As shown above, Crema is incentivizing liquidity providers to supply liquidity to specific price ranges and token pairs.
How to better empower tokenomics?
Taking inspiration from Curve’s ve-Tokenomics, Crema allows investors to lock CRM tokens to receive veCRM (Vote-Escrowed CRM), with locking periods up to four years. The quantity of veCRM is proportional to the remaining lock time.
On one hand, veCRM holders can vote on which liquidity pools should receive CRM rewards. Additionally, veCRM serves as a revenue rights token for the Crema protocol.
Users can accelerate their liquidity mining yields through veCRM, or directly receive a share of Crema’s protocol earnings. However, unlike Curve, veCRM exists in NFT form—making it transferable and tradable.
The essence of Curve’s ve-Tokenomics lies in long-term alignment between stablecoin issuers and deep platform liquidity. In most cases, the issuing team becomes the largest and most stable liquidity provider.
On one hand, they rely on Curve-generated yields to profit from their market-making capital. On the other, they must attract external capital to buy and deposit their stablecoins into pools, sharing risk. Thus, they become deeply engaged participants in Curve, eventually forming a strong base for community governance—the secret behind Curve’s success.
This is exactly the effect Crema aims to replicate. It seeks to tightly bind its own protocol with other stablecoin-issuing protocols through ve-Tokenomics. At the same time, CLMM offers unquestionably higher trading efficiency compared to Curve’s Stable Assets AMM.
In the stable asset trading market, especially when competing against Uniswap and Curve, adding stablecoin liquidity via Crema on Solana eliminates concerns about:
1) Impermanent loss caused by incorrect price range settings
2) High gas fees on the Ethereum network.
These advantages make Crema more competitive and valuable in the stable asset trading market.

According to official disclosures, Crema has already partnered with Hubble Protocol (stablecoin USDH), Marinade Finance (mSOL), Lido (stSOL), Port Finance (lending), Parrot (prtSOL and algorithmic stablecoin PAI), and Larix (lending).

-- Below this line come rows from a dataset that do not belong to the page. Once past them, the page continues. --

lemma card_linear_power_parameters_large_gen_field:
  fixes K :: "'a::field set"
  assumes p: "prime CHAR('a)" and alg: "\<And>x::'a. algebraic_over_prime_field x"
    and K: "is_subfield K" "finite K" and "a \<noteq> 0" "0 < n" "n < CHAR('a)"
  shows "CHAR('a) \<le> card {c\<in>K. card K \<le> card (gen_field {(b + c * a) ^ n})}"
proof -
  obtain d where "d > 0" "card K = CHAR('a) ^ d"
    using card_finite_subfield_prime_power[OF p K] by blast
  thus ?thesis
    by (intro card_parameters_large_gen_field[OF p alg K(2) \<open>card K = _\<close> _
          card_fibre_linear_power_le[OF \<open>a \<noteq> 0\<close> \<open>0 < n\<close>] \<open>n < CHAR('a)\<close>]) simp
qed

lemma exists_linear_power_parameter_larger_gen_field:
  fixes K :: "'a::field set"
  assumes p: "prime CHAR('a)" and alg: "\<And>x::'a. algebraic_over_prime_field x"
    and K: "is_subfield K" "finite K" and "a \<noteq> 0" "0 < n" "n < CHAR('a)"
    and not_in_K: "\<not> (b ^ n \<in> K \<and> a * b ^ (n - 1) \<in> K)"
  shows "\<exists>c\<in>K. card K < card (gen_field {(b + c * a) ^ n})"
proof (rule ccontr)
  assume no_larger: "\<not> ?thesis"
  define G where "G = {c\<in>K. card K \<le> card (gen_field {(b + c * a) ^ n})}"
  have "(b + c * a) ^ n \<in> K" if "c \<in> G" for c
  proof (rule mem_finite_subfield_if_card_gen_field_eq[OF K finite_gen_field_singleton[OF p alg]])
    have "c \<in> K" "card K \<le> card (gen_field {(b + c * a) ^ n})" using that by (simp_all add: G_def)
    moreover have "\<not> card K < card (gen_field {(b + c * a) ^ n})" using no_larger \<open>c \<in> K\<close> by blast
    ultimately show "card (gen_field {(b + c * a) ^ n}) = card K" by linarith
  qed
  moreover have "G \<subseteq> K" by (auto simp: G_def)
  moreover have "n < card G"
    using card_linear_power_parameters_large_gen_field[OF p alg K assms(5-7), of b] assms(7)
    unfolding G_def by linarith
  moreover have "\<not> CHAR('a) dvd n" using assms(6,7) by (simp add: nat_dvd_not_less)
  ultimately have "b ^ n \<in> K" "a * b ^ (n - 1) \<in> K"
    using linear_power_coeffs_in_finite_subfield[OF p K] by blast+
  with not_in_K show False by blast
qed

theorem mainTheorem19:
  fixes p k N :: nat and \<alpha> \<beta> :: "'a::field"
  assumes "is_alg_closure_of_Fp TYPE('a) p"
    and "\<alpha> \<noteq> 0"
    and "k < N" and "N < p"
  shows "(\<exists>c\<in>gen_field {\<alpha> ^ N}.
            card (gen_field {(\<beta> + c * \<alpha> ^ k) ^ N}) \<ge> card (gen_field {\<alpha> ^ N}))
       \<and> (gen_field {\<alpha> ^ N} \<noteq> gen_field {\<alpha> ^ N, \<beta> ^ N, \<alpha> ^ k * \<beta> ^ (N - 1)} \<longrightarrow>
          (\<exists>c\<in>gen_field {\<alpha> ^ N}.
            card (gen_field {(\<beta> + c * \<alpha> ^ k) ^ N}) > card (gen_field {\<alpha> ^ N})))"
proof -
  have p: "prime CHAR('a)" and alg: "\<And>x::'a. algebraic_over_prime_field x"
    and N: "0 < N" "N < CHAR('a)" and "\<alpha> ^ k \<noteq> 0"
    using assms unfolding is_alg_closure_of_Fp_def by auto
  define K where "K = gen_field {\<alpha> ^ N}"
  have K: "is_subfield K" "finite K"
    unfolding K_def using gen_field_is_subfield finite_gen_field_singleton[OF p alg] by auto
  have "CHAR('a) \<le> card {c\<in>K. card K \<le> card (gen_field {(\<beta> + c * \<alpha> ^ k) ^ N})}"
    by (rule card_linear_power_parameters_large_gen_field[OF p alg K \<open>\<alpha> ^ k \<noteq> 0\<close> N])
  hence "{c\<in>K. card K \<le> card (gen_field {(\<beta> + c * \<alpha> ^ k) ^ N})} \<noteq> {}"
    using N by (intro notI) simp
  hence "\<exists>c\<in>K. card K \<le> card (gen_field {(\<beta> + c * \<alpha> ^ k) ^ N})" by blast
  moreover have "\<exists>c\<in>K. card K < card (gen_field {(\<beta> + c * \<alpha> ^ k) ^ N})"
    if "K \<noteq> gen_field {\<alpha> ^ N, \<beta> ^ N, \<alpha> ^ k * \<beta> ^ (N - 1)}"
  proof (rule exists_linear_power_parameter_larger_gen_field[OF p alg K \<open>\<alpha> ^ k \<noteq> 0\<close> N])
    show "\<not> (\<beta> ^ N \<in> K \<and> \<alpha> ^ k * \<beta> ^ (N - 1) \<in> K)"
      using that gen_field_superset[of "{\<alpha> ^ N}"]
        gen_field_eq_if_subset_gen_field[of "{\<alpha> ^ N}" "{\<alpha> ^ N, \<beta> ^ N, \<alpha> ^ k * \<beta> ^ (N - 1)}"]
      unfolding K_def by auto
  qed
  ultimately show ?thesis unfolding K_def by blast
qed

end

Most of these partners mirror members of the “Curve brotherhood” in the Ethereum ecosystem. It’s reasonable to believe that Crema is gradually realizing its ambition of deeply integrating itself with the broader Solana DeFi ecosystem and stablecoin issuers.
Multi-Chain Deployment: An Alternative Cross-Chain DEX
Solana is just the beginning!
According to its roadmap, Crema Finance plans to expand its liquidity footprint by deploying on other non-EVM blockchains built with Rust or Golang. Potential targets include Terra, Near, and Cosmos, with multi-chain expansion slated for Q3 2022.

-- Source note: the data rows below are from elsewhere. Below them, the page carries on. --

lemma eventually_modulus_le_of_grid_bounds:
  fixes Z :: "real \<Rightarrow> real \<Rightarrow> real"
  assumes "0 < L" "0 < \<delta>" and mono: "\<And>t. 0 \<le> t \<Longrightarrow> mono (\<lambda>u. Z u t)"
    and grid: "\<And>m k t. m0 \<le> m \<Longrightarrow> k \<le> grid_size L m \<Longrightarrow> 0 \<le> t \<Longrightarrow> t \<le> exp (- (real m * L)) \<Longrightarrow>
       \<bar>Z (real k / real (grid_size L m)) t - real k / real (grid_size L m)\<bar> \<le> grid_threshold L m"
  shows "\<forall>\<^sub>F t in at_right 0. \<forall>u\<in>{0..1}. \<bar>Z u t - u\<bar> / sqrt (t * ln (1 / t)) \<le> exp L + \<delta>"
proof -
  define m1 where "m1 = max (max m0 1) (nat \<lceil>exp L / (\<delta>\<^sup>2 * L)\<rceil>)"
  have "m0 \<le> m1" "1 \<le> m1" "exp L / (\<delta>\<^sup>2 * L) \<le> real m1"
    unfolding m1_def by (auto intro: order.trans[OF real_nat_ceiling_ge])
  show ?thesis
    unfolding eventually_at_right_field
  proof (intro exI[of _ "exp (- (real m1 * L))"] conjI allI impI ballI)
    fix t u :: real
    assume "0 < t" "t < exp (- (real m1 * L))" and u: "u \<in> {0..1}"
    then obtain m where "m1 \<le> m" and m: "exp (- ((real m + 1) * L)) < t" "t \<le> exp (- (real m * L))"
      using exp_scale_bracket[OF \<open>0 < L\<close>] by blast
    define s where "s = sqrt (exp (- ((real m + 1) * L)) * real m * L)"
    have "0 < s"
      using \<open>1 \<le> m1\<close> \<open>m1 \<le> m\<close> \<open>0 < L\<close> by (simp add: s_def)
    have "s \<le> sqrt (t * ln (1 / t))"
      using scale_lower_bound_le[OF \<open>0 < L\<close> m] by (simp add: s_def mult.assoc)
    have "1 / real (grid_size L m) \<le> exp (- (real m * L / 2))"
      using grid_size_ge[of m L] by (simp add: exp_minus divide_le_eq field_simps)
    also have "\<dots> \<le> \<delta> * s"
      unfolding s_def using \<open>exp L / (\<delta>\<^sup>2 * L) \<le> real m1\<close> \<open>m1 \<le> m\<close>
      by (intro exp_half_scale_le[OF \<open>0 < L\<close> \<open>0 < \<delta>\<close>]) linarith
    finally have mesh: "1 / real (grid_size L m) \<le> \<delta> * s" .
    have "\<bar>Z u t - u\<bar> \<le> grid_threshold L m + 1 / real (grid_size L m)"
      using u \<open>m0 \<le> m1\<close> \<open>m1 \<le> m\<close> \<open>0 < t\<close> m(2) \<open>0 < L\<close>
      by (intro monotone_grid_interpolation mono grid_size_pos grid) auto
    also have "\<dots> \<le> (exp L + \<delta>) * s"
      using mesh by (simp add: grid_threshold_def s_def algebra_simps)
    also have "\<dots> \<le> (exp L + \<delta>) * sqrt (t * ln (1 / t))"
      using \<open>s \<le> sqrt (t * ln (1 / t))\<close> \<open>0 < \<delta>\<close> by (intro mult_left_mono) auto
    finally have "\<bar>Z u t - u\<bar> \<le> (exp L + \<delta>) * sqrt (t * ln (1 / t))" .
    moreover have "0 < sqrt (t * ln (1 / t))"
      using \<open>0 < s\<close> \<open>s \<le> sqrt (t * ln (1 / t))\<close> by linarith
    ultimately show "\<bar>Z u t - u\<bar> / sqrt (t * ln (1 / t)) \<le> exp L + \<delta>"
      by (simp add: pos_divide_le_eq)
  qed simp
qed
lemma integrable_moment_mixture_density:
  assumes sets_\<mu>: "sets \<mu> = sets borel" and dens: "\<And>j. j \<in> {0,1} \<Longrightarrow> is_density \<mu> (f j)"
    and moment: "\<And>j. j \<in> {0,1} \<Longrightarrow> (\<integral>\<^sup>+ x. ennreal (\<bar>x\<bar> powr \<nu> * f j x) \<partial>\<mu>) < \<infinity>"
  shows "integrable \<mu> (\<lambda>x. \<bar>x\<bar> powr \<nu> * mixture_density p f x)"
proof -
  have "integrable \<mu> (\<lambda>x. \<bar>x\<bar> powr \<nu> * f j x)" if j: "j \<in> {0,1}" for j
  proof (rule integrableI_nonneg)
    have "f j \<in> borel_measurable borel"
      using dens[OF j] by (simp add: is_density_def)
    then show "(\<lambda>x. \<bar>x\<bar> powr \<nu> * f j x) \<in> borel_measurable \<mu>"
      unfolding measurable_cong_sets[OF sets_\<mu> refl] by measurable
  qed (use dens[OF j] moment[OF j] in \<open>auto simp: is_density_def\<close>)
  then have "integrable \<mu> (\<lambda>x. p 0 * (\<bar>x\<bar> powr \<nu> * f 0 x) + p 1 * (\<bar>x\<bar> powr \<nu> * f 1 x))"
    by auto
  then show ?thesis
    by (simp add: mixture_density_def algebra_simps)
qed

lemma sets_base_measure [measurable_cong]: "sets (base_measure disc) = sets borel"
  by (simp add: base_measure_def zcount_def)

lemma emeasure_base_measure_Icc_le:
  assumes T: "0 \<le> T"
  shows "emeasure (base_measure disc) {-T..T} \<le> ennreal (2 * T + 1)"
proof (cases disc)
  case False
  then show ?thesis
    using T by (simp add: base_measure_def)
next
  case True
  have "real_of_int -` {-T..T} = {\<lceil>-T\<rceil>..\<lfloor>T\<rfloor>}"
    by (auto simp: le_floor_iff ceiling_le_iff)
  then have "emeasure zcount {-T..T} = ennreal (real (nat (\<lfloor>T\<rfloor> - \<lceil>-T\<rceil> + 1)))"
    unfolding zcount_def by (subst emeasure_distr) (auto simp: ennreal_of_nat_eq_real_of_nat)
  also have "\<dots> \<le> ennreal (2 * T + 1)"
    using T by (intro ennreal_leI) linarith
  finally show ?thesis
    using True by (simp add: base_measure_def)
qed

NEAR uses Rust and AssemblyScript, while Cosmos SDK is based on Go—each presenting significant technical hurdles for the Crema team.

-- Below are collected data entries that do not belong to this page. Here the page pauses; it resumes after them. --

(* Near the vertex j, with \<epsilon> = 1 - \<pi>(j) small, the EG field is w(a) - \<pi>(a) \<Sum>\<^sub>b w(b) for the
   weights w = \<pi> U\<^sup>+. Arm 1 carries weight at least (\<epsilon>/K)(1-\<epsilon>)\<Delta>\<^sub>1\<^sub>j and arm j at most \<epsilon>, so
   for \<epsilon> < \<Delta>\<^sub>1\<^sub>j/(8K) the log-ratio \<theta>(1) - \<theta>(j) = log(\<pi>(1)/\<pi>(j)) has drift at least
   \<Delta>\<^sub>1\<^sub>j(1-\<pi>(j))/(4K) and log \<pi>(j) has nonpositive drift. While the trajectory stays in
   S_set K j eps_bar, therefore 1 - \<pi>(j) \<ge> \<epsilon>\<^sub>0 and the log-ratio grows at least linearly with slope
   \<Delta>\<^sub>1\<^sub>j \<epsilon>\<^sub>0/(4K) from -log(\<pi>\<^sub>0(j)/\<pi>\<^sub>0(1)), so it reaches 0 (the set W) by the stated time. *)

theory Submission
  imports Defs
begin

lemma sum_exp_pos: "(K::nat) \<ge> 1 \<Longrightarrow> 0 < (\<Sum>b\<in>{1..K}. exp (\<theta> b :: real))"
  by (auto intro!: sum_pos)

lemma softmax_pos: "K \<ge> 1 \<Longrightarrow> 0 < softmax K \<theta> a"
  unfolding softmax_def using sum_exp_pos[of K \<theta>] by simp

lemma sum_softmax: "K \<ge> 1 \<Longrightarrow> (\<Sum>b\<in>{1..K}. softmax K \<theta> b) = 1"
  unfolding softmax_def using sum_exp_pos[of K \<theta>]
  by (simp add: sum_divide_distrib[symmetric])

lemma softmax_divide:
  "K \<ge> 1 \<Longrightarrow> softmax K \<theta> a / softmax K \<theta> b = exp (\<theta> a - \<theta> b)"
  unfolding softmax_def using sum_exp_pos[of K \<theta>] by (simp add: exp_diff)

lemma ln_softmax:
  "K \<ge> 1 \<Longrightarrow> ln (softmax K \<theta> a) = \<theta> a - ln (\<Sum>b\<in>{1..K}. exp (\<theta> b))"
  unfolding softmax_def using sum_exp_pos[of K \<theta>] by (simp add: ln_div)

lemma softmax_le_one_minus_softmax:
  assumes "K \<ge> 1" "a \<in> {1..K}" "j \<in> {1..K}" "a \<noteq> j"
  shows "softmax K \<theta> a \<le> 1 - softmax K \<theta> j"
proof -
  have "softmax K \<theta> a \<le> (\<Sum>b\<in>{1..K} - {j}. softmax K \<theta> b)"
    using assms softmax_pos[OF assms(1)] by (intro member_le_sum) (auto intro: less_imp_le)
  also have "\<dots> = 1 - softmax K \<theta> j"
    using sum.remove[of "{1..K}" j "softmax K \<theta>"] assms sum_softmax by simp
  finally show ?thesis .
qed

lemma adv_eq_sum:
  "K \<ge> 1 \<Longrightarrow> adv K r \<theta> a = (\<Sum>b\<in>{1..K}. softmax K \<theta> b * (r a - r b))"
  using sum_softmax[of K \<theta>]
  by (simp add: adv_def right_diff_distrib sum_subtractf sum_distrib_right[symmetric])

lemma has_real_derivative_ln_softmax:
  assumes "K \<ge> 1" "a \<in> {1..K}"
    and "\<And>b. b \<in> {1..K} \<Longrightarrow> ((\<lambda>s. \<theta> s b) has_real_derivative \<theta>' b) (at t within S)"
  shows "((\<lambda>s. ln (softmax K (\<theta> s) a)) has_real_derivative
           \<theta>' a - (\<Sum>b\<in>{1..K}. softmax K (\<theta> t) b * \<theta>' b)) (at t within S)"
proof -
  define Z where "Z = (\<Sum>b\<in>{1..K}. exp (\<theta> t b))"
  have "((\<lambda>s. \<Sum>b\<in>{1..K}. exp (\<theta> s b)) has_real_derivative
          (\<Sum>b\<in>{1..K}. exp (\<theta> t b) * \<theta>' b)) (at t within S)"
    by (intro DERIV_sum DERIV_chain'[where g=exp, OF assms(3)] DERIV_exp)
  from DERIV_chain'[OF this DERIV_ln_divide] sum_exp_pos[OF assms(1)]
  have "((\<lambda>s. ln (\<Sum>b\<in>{1..K}. exp (\<theta> s b))) has_real_derivative
          (\<Sum>b\<in>{1..K}. exp (\<theta> t b) * \<theta>' b) / Z) (at t within S)"
    unfolding Z_def by simp
  moreover have "(\<Sum>b\<in>{1..K}. exp (\<theta> t b) * \<theta>' b) / Z
                 = (\<Sum>b\<in>{1..K}. softmax K (\<theta> t) b * \<theta>' b)"
    unfolding softmax_def Z_def by (simp add: sum_divide_distrib)
  ultimately show ?thesis
    using DERIV_diff[OF assms(3)[OF assms(2)]] ln_softmax[OF assms(1)] by simp
qed

definition eg_weight :: "nat \<Rightarrow> (nat \<Rightarrow> real) \<Rightarrow> (nat \<Rightarrow> real) \<Rightarrow> nat \<Rightarrow> real" where
  "eg_weight K r \<theta> a = softmax K \<theta> a * max 0 (adv K r \<theta> a)"

lemma eg_weight_nonneg: "K \<ge> 1 \<Longrightarrow> 0 \<le> eg_weight K r \<theta> a"
  unfolding eg_weight_def using softmax_pos[of K \<theta> a] by simp

lemma eg_field_eq_weight:
  assumes "a \<in> {1..K}"
  shows "eg_field K r \<theta> a
           = eg_weight K r \<theta> a - softmax K \<theta> a * (\<Sum>b\<in>{1..K}. eg_weight K r \<theta> b)"
proof -
  have "eg_field K r \<theta> a = (\<Sum>b\<in>{1..K}. (if a = b then eg_weight K r \<theta> b else 0)
                                         - softmax K \<theta> a * eg_weight K r \<theta> b)"
    unfolding eg_field_def eg_weight_def by (intro sum.cong) (auto simp: max_def algebra_simps)
  then show ?thesis
    using assms by (simp add: sum_subtractf sum_distrib_left)
qed

lemma hit_time_le: "0 \<le> t \<Longrightarrow> p t \<in> A \<Longrightarrow> hit_time p A \<le> ereal t"
  unfolding hit_time_def by (intro Inf_lower) blast

lemma nondecreasing_if_deriv_nonneg_within:
  fixes f f' :: "real \<Rightarrow> real"
  assumes "a \<le> b"
    and deriv: "\<And>t. a \<le> t \<Longrightarrow> t \<le> b \<Longrightarrow>
                  (f has_real_derivative f' t) (at t within {a..})"
    and nonneg: "\<And>t. a < t \<Longrightarrow> t < b \<Longrightarrow> 0 \<le> f' t"
  shows "f a \<le> f b"
proof -
  have deriv_Icc: "(f has_real_derivative f' t) (at t within {a..b})" if "t \<in> {a..b}" for t
    using that by (intro has_field_derivative_subset[OF deriv]) auto
  show ?thesis
  proof (rule DERIV_nonneg_imp_increasing_open[OF \<open>a \<le> b\<close>])
    fix t assume "a < t" "t < b"
    then show "\<exists>y. (f has_real_derivative y) (at t) \<and> 0 \<le> y"
      using deriv_Icc[of t] nonneg[of t] by (auto simp: at_within_Icc_at)
  qed (use deriv_Icc DERIV_continuous_on in blast)
qed

locale decreasing_rewards =
  fixes K j :: nat and r :: "nat \<Rightarrow> real"
  assumes two_le_K: "K \<ge> 2"
    and rewards_unit: "\<forall>a\<in>{1..K}. 0 \<le> r a \<and> r a \<le> 1"
    and rewards_decreasing: "\<forall>a b. 1 \<le> a \<and> a < b \<and> b \<le> K \<longrightarrow> r a > r b"
    and j_mem: "j \<in> {2..K}"
begin

definition gap :: real where "gap = r 1 - r j"

definition eps_bar :: real where "eps_bar = gap / (8 * real K)"

lemma one_le_K: "K \<ge> 1"
  using two_le_K by simp

lemma j_mem_arms: "j \<in> {1..K}" and one_mem_arms: "1 \<in> {1..K}" and j_neq_one: "j \<noteq> 1"
  using j_mem two_le_K by auto

lemma reward_le_first: "a \<in> {1..K} \<Longrightarrow> r a \<le> r 1"
  using rewards_decreasing by (cases "a = 1") (auto intro: less_imp_le)

lemma gap_pos: "0 < gap"
  using rewards_decreasing j_mem unfolding gap_def by auto

lemma gap_le_one: "gap \<le> 1"
  using bspec[OF rewards_unit one_mem_arms] bspec[OF rewards_unit j_mem_arms]
  unfolding gap_def by simp

lemma eps_bar_pos: "0 < eps_bar"
  unfolding eps_bar_def using gap_pos two_le_K by simp

lemma eps_bar_le: "eps_bar \<le> 1 / 16"
proof -
  have "gap / (8 * real K) \<le> 1 / (8 * real K)"
    using gap_le_one two_le_K by (simp add: divide_right_mono)
  also have "\<dots> \<le> 1 / 16"
    using two_le_K by (simp add: field_simps)
  finally show ?thesis unfolding eps_bar_def .
qed

end

locale near_vertex = decreasing_rewards +
  fixes \<theta> :: "nat \<Rightarrow> real"
  assumes in_S: "softmax K \<theta> \<in> S_set K j eps_bar"
begin

abbreviation p :: "nat \<Rightarrow> real" where "p \<equiv> softmax K \<theta>"

abbreviation \<epsilon> :: real where "\<epsilon> \<equiv> 1 - p j"

abbreviation w :: "nat \<Rightarrow> real" where "w \<equiv> eg_weight K r \<theta>"

lemma eps_pos: "0 < \<epsilon>"
  and eps_less: "\<epsilon> < gap / (8 * real K)"
  and p_first_ge: "\<epsilon> / real K \<le> p 1"
  using in_S unfolding S_set_def eps_bar_def by auto

lemma eps_le: "\<epsilon> \<le> 1 / 16"
  using in_S eps_bar_le unfolding S_set_def by simp

lemma p_le_eps: "b \<in> {1..K} \<Longrightarrow> b \<noteq> j \<Longrightarrow> p b \<le> \<epsilon>"
  using softmax_le_one_minus_softmax one_le_K j_mem_arms by blast

lemma p_first_le_eps: "p 1 \<le> \<epsilon>"
  using p_le_eps one_mem_arms j_neq_one by blast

Once deployed across multiple chains, a new challenge arises: How to unify fragmented liquidity?
The simplest solution is obvious—cross-chain bridges.
Currently, Wormhole acts as the bridge connecting the SOL ecosystem with ETH and Terra. But cross-chain transfers aren’t the end goal—cross-chain trading is. With Crema’s liquidity pools spread across multiple chains, a new opportunity emerges: integrating cross-chain bridges to become a middleware supporting seamless cross-chain swaps.

As illustrated, a typical cross-chain scenario involves someone swapping LUNA for UST within the Terra ecosystem, bridging UST to Solana via Wormhole, then exchanging UST for SOL on a DEX.
LUNA → UST → UST (Wormhole) → USDC → SOL. This cumbersome sequence could be completed in one click via Crema Finance. Leveraging multi-chain CLMM liquidity pools and integrated cross-chain bridges, Crema becomes a true cross-chain DEX.
Conclusion
In the world of DeFi, two keywords matter above all: liquidity and capital efficiency.
Whoever achieves superior capital efficiency through innovation will capture more liquidity. The multi-chain trend is unstoppable, and non-EVM chains remain the untamed Wild West. With CLMM, Crema has become one of the first cowboys to ride out—starting from Solana and pushing ever forward into new frontiers.
It’s a bold bet—on the future of multi-chain ecosystems. If Cosmos, Solana, Near, and others continue to grow, Crema stands poised to rise with them.